From: "Darrick J. Wong" <darrick.wong@oracle.com>
To: Amir Goldstein <amir73il@gmail.com>
Cc: lsf-pc@lists.linux-foundation.org,
Dave Chinner <david@fromorbit.com>, Theodore Tso <tytso@mit.edu>,
Jan Kara <jack@suse.cz>,
linux-fsdevel <linux-fsdevel@vger.kernel.org>,
Jayashree Mohan <jaya@cs.utexas.edu>,
Vijaychidambaram Velayudhan Pillai <vijay@cs.utexas.edu>,
Filipe Manana <fdmanana@suse.com>, Chris Mason <clm@fb.com>,
lwn@lwn.net
Subject: Re: [TOPIC] Extending the filesystem crash recovery guaranties contract
Date: Thu, 2 May 2019 14:05:24 -0700 [thread overview]

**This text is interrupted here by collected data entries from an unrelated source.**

text \<open>fs i = phi(S_i,A_i), xs i = X_i in {0,1}; rounds are indexed from 1,
  and the loss at round t uses the rounds i < t.\<close>
definition loss :: "real \<Rightarrow> (nat \<Rightarrow> real^'d) \<Rightarrow> (nat \<Rightarrow> real) \<Rightarrow> nat \<Rightarrow> real^'d \<Rightarrow> real" where
  "loss lam fs xs t \<theta> = lam * (norm \<theta>)\<^sup>2
     - (\<Sum>i\<in>{1..<t}. xs i * ln (mu (fs i \<bullet> \<theta>)) + (1 - xs i) * ln (1 - mu (fs i \<bullet> \<theta>)))"

definition Econf :: "real \<Rightarrow> real \<Rightarrow> (nat \<Rightarrow> real^'d) \<Rightarrow> (nat \<Rightarrow> real) \<Rightarrow> real
                     \<Rightarrow> nat \<Rightarrow> real^'d \<Rightarrow> (real^'d) set" where
  "Econf lam S fs xs b t \<theta>0 =
     {\<theta> \<in> cball 0 S. loss lam fs xs t \<theta> - loss lam fs xs t \<theta>0 \<le> 2 * b\<^sup>2}"

text \<open>beta t delta is the radius beta_t(delta); thbar i is the constrained MLE of round i.\<close>
definition Vset :: "real \<Rightarrow> real \<Rightarrow> (nat \<Rightarrow> real^'d) \<Rightarrow> (nat \<Rightarrow> real) \<Rightarrow> (nat \<Rightarrow> real \<Rightarrow> real)
                     \<Rightarrow> real \<Rightarrow> (nat \<Rightarrow> real^'d) \<Rightarrow> nat \<Rightarrow> (real^'d) set" where
  "Vset lam S fs xs beta \<delta> thbar t =
     (\<Inter>i\<in>{1..<t}. Econf lam S fs xs (beta i \<delta>) i (thbar i))"

definition Lmat :: "real \<Rightarrow> (nat \<Rightarrow> real^'d) \<Rightarrow> (nat \<Rightarrow> real^'d) \<Rightarrow> nat \<Rightarrow> real^'d^'d" where
  "Lmat lam fs thp t = lam *\<^sub>R mat 1 + (\<Sum>i\<in>{1..<t}. mudot (fs i \<bullet> thp i) *\<^sub>R outer (fs i))"

definition gauss_prec :: "real^'d^'d \<Rightarrow> (real^'d) measure" where
  "gauss_prec L = density lborel
     (\<lambda>\<theta>. ennreal (sqrt (det L) / (2 * pi) powr (real CARD('d) / 2)
                     * exp (- (\<theta> \<bullet> (L *v \<theta>)) / 2)))"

Message-ID: <20190502210524.GI5200@magnolia> (raw)
In-Reply-To: <CAOQ4uxgEicLTA4LtV2fpvx7okEEa=FtbYE7Qa_=JeVEGXz40kw@mail.gmail.com>
On Thu, May 02, 2019 at 12:12:22PM -0400, Amir Goldstein wrote:
> On Sat, Apr 27, 2019 at 5:00 PM Amir Goldstein <amir73il@gmail.com> wrote:
> >
> > Suggestion for another filesystems track topic.
> >
> > Some of you may remember the emotional(?) discussions that ensued
> > when the crashmonkey developers embarked on a mission to document
> > and verify filesystem crash recovery guaranties:
> >
> > https://lore.kernel.org/linux-fsdevel/CAOQ4uxj8YpYPPdEvAvKPKXO7wdBg6T1O3osd6fSPFKH9j=i2Yg@mail.gmail.com/
> >
> > There are two camps among filesystem developers and every camp
> > has good arguments for wanting to document existing behavior and for
> > not wanting to document anything beyond "use fsync if you want any guaranty".
> >
> > I would like to take a suggestion proposed by Jan on a related discussion:
> > https://lore.kernel.org/linux-fsdevel/CAOQ4uxjQx+TO3Dt7TA3ocXnNxbr3+oVyJLYUSpv4QCt_Texdvw@mail.gmail.com/
> >
> > and make a proposal that may be able to meet the concerns of
> > both camps.
> >
> > The proposal is to add new APIs which communicate
> > crash consistency requirements of the application to the filesystem.
> >
> > Example API could look like this:
> > renameat2(..., RENAME_METADATA_BARRIER | RENAME_DATA_BARRIER)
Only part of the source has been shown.